Work to be completed –
Look over the entries that follow and work out how many lines contain "symmetric". State the number only.

[Stored items]
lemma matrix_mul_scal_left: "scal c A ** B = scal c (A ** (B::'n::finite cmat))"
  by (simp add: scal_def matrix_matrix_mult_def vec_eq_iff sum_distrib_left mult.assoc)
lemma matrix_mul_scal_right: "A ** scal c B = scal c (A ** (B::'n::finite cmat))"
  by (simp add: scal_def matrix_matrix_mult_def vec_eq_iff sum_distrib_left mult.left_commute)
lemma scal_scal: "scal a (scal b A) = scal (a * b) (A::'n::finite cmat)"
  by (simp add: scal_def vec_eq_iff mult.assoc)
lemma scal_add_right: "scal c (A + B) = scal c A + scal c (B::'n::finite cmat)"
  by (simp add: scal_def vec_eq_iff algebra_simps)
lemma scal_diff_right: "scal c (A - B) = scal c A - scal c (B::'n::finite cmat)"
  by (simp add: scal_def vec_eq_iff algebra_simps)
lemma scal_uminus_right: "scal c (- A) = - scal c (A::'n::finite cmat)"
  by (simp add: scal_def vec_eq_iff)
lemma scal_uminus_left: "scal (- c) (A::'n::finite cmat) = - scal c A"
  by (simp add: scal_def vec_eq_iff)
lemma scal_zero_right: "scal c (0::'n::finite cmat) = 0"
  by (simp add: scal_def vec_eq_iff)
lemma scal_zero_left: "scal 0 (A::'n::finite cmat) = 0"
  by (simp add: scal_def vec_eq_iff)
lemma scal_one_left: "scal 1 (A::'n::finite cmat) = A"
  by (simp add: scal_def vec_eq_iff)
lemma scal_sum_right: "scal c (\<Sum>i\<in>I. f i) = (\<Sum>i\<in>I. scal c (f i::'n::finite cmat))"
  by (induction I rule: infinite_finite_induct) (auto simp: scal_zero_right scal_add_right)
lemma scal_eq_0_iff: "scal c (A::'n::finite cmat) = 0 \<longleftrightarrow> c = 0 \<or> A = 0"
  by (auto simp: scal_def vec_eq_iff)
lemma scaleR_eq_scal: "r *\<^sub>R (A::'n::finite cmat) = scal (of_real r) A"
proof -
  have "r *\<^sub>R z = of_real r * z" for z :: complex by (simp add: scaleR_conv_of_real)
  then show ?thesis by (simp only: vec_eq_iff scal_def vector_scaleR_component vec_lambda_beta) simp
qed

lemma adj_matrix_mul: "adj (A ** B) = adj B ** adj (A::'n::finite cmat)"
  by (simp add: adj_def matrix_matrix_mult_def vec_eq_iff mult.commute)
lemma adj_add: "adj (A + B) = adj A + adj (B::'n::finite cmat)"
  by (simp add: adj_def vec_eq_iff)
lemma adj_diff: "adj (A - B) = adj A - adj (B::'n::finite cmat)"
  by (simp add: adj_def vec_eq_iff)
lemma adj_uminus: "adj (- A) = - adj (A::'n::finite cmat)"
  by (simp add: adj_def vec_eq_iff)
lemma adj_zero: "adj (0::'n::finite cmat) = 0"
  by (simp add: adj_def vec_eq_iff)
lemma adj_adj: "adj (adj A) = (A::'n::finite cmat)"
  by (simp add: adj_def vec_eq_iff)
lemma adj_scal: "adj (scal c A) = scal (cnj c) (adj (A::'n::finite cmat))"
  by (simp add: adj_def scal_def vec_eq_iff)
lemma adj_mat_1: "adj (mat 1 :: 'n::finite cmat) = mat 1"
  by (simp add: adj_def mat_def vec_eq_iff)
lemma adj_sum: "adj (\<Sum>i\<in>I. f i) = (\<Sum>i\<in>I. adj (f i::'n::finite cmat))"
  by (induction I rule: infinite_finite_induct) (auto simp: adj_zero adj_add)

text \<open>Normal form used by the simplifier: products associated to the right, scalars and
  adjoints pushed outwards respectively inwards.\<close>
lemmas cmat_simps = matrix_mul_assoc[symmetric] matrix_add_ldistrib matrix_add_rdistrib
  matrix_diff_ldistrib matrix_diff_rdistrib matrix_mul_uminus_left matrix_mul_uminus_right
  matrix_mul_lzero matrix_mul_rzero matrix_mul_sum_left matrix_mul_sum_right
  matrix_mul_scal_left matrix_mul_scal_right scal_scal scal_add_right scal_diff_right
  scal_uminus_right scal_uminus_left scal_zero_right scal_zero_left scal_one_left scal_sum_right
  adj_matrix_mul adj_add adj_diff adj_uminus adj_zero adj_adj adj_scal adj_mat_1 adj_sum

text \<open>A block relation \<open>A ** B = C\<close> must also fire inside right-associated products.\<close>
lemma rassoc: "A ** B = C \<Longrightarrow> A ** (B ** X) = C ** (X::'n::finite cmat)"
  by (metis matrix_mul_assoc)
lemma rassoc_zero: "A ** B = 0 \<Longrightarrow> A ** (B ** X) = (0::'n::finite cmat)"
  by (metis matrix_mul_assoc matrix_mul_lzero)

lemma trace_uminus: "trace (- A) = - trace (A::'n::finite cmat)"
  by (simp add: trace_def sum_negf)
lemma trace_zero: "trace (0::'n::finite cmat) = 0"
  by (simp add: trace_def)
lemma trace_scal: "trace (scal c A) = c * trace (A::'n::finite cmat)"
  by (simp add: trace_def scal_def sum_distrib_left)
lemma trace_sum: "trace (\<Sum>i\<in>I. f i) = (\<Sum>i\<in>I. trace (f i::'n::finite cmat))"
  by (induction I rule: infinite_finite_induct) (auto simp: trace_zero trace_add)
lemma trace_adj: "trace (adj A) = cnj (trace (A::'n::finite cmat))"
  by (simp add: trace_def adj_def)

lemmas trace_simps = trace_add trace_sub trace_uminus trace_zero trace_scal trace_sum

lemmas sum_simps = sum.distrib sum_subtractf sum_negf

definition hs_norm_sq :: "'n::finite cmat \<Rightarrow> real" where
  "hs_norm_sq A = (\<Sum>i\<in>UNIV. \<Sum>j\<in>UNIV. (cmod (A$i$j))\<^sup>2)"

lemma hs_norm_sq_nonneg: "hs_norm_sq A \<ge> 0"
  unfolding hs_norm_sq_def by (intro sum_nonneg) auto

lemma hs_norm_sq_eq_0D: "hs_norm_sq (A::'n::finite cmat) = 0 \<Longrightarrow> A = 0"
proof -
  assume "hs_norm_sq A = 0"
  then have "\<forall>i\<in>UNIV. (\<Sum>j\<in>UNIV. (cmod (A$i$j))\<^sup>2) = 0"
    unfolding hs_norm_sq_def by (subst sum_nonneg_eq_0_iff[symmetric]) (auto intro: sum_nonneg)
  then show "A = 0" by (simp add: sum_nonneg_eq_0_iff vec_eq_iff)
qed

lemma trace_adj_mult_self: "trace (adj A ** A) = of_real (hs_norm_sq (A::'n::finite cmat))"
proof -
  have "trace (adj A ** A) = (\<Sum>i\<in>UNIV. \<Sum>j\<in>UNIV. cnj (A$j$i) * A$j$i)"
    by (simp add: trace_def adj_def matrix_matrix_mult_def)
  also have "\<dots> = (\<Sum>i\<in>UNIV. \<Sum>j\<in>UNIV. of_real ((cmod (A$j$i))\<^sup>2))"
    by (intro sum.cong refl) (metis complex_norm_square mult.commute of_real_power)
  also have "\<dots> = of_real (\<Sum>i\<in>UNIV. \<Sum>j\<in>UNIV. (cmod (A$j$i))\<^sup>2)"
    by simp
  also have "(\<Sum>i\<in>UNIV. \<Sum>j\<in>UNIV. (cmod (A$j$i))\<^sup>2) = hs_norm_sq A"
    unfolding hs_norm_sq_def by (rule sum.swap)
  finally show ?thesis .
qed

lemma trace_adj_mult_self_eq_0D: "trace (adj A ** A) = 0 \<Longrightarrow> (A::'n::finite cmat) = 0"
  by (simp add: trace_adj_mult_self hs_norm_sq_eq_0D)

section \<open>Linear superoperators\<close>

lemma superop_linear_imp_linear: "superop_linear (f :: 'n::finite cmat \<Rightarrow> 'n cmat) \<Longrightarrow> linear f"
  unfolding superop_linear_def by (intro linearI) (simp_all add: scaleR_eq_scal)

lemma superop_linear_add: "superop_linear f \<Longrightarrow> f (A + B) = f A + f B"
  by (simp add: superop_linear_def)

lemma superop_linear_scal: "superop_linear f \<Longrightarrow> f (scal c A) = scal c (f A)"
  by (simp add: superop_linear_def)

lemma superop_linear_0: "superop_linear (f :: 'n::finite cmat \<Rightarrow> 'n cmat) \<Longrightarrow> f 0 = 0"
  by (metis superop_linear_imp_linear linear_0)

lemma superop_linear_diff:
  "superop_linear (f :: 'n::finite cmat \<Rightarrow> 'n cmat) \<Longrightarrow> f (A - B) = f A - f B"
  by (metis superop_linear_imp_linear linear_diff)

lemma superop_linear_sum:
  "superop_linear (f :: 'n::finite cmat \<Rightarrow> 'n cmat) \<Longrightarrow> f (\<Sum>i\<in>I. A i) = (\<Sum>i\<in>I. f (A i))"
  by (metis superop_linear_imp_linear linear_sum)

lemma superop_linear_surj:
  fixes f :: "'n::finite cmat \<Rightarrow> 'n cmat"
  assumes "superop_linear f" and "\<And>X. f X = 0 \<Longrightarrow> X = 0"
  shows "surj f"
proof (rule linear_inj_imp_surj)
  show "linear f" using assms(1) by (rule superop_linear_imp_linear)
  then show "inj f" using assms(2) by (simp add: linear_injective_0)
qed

Task result –
2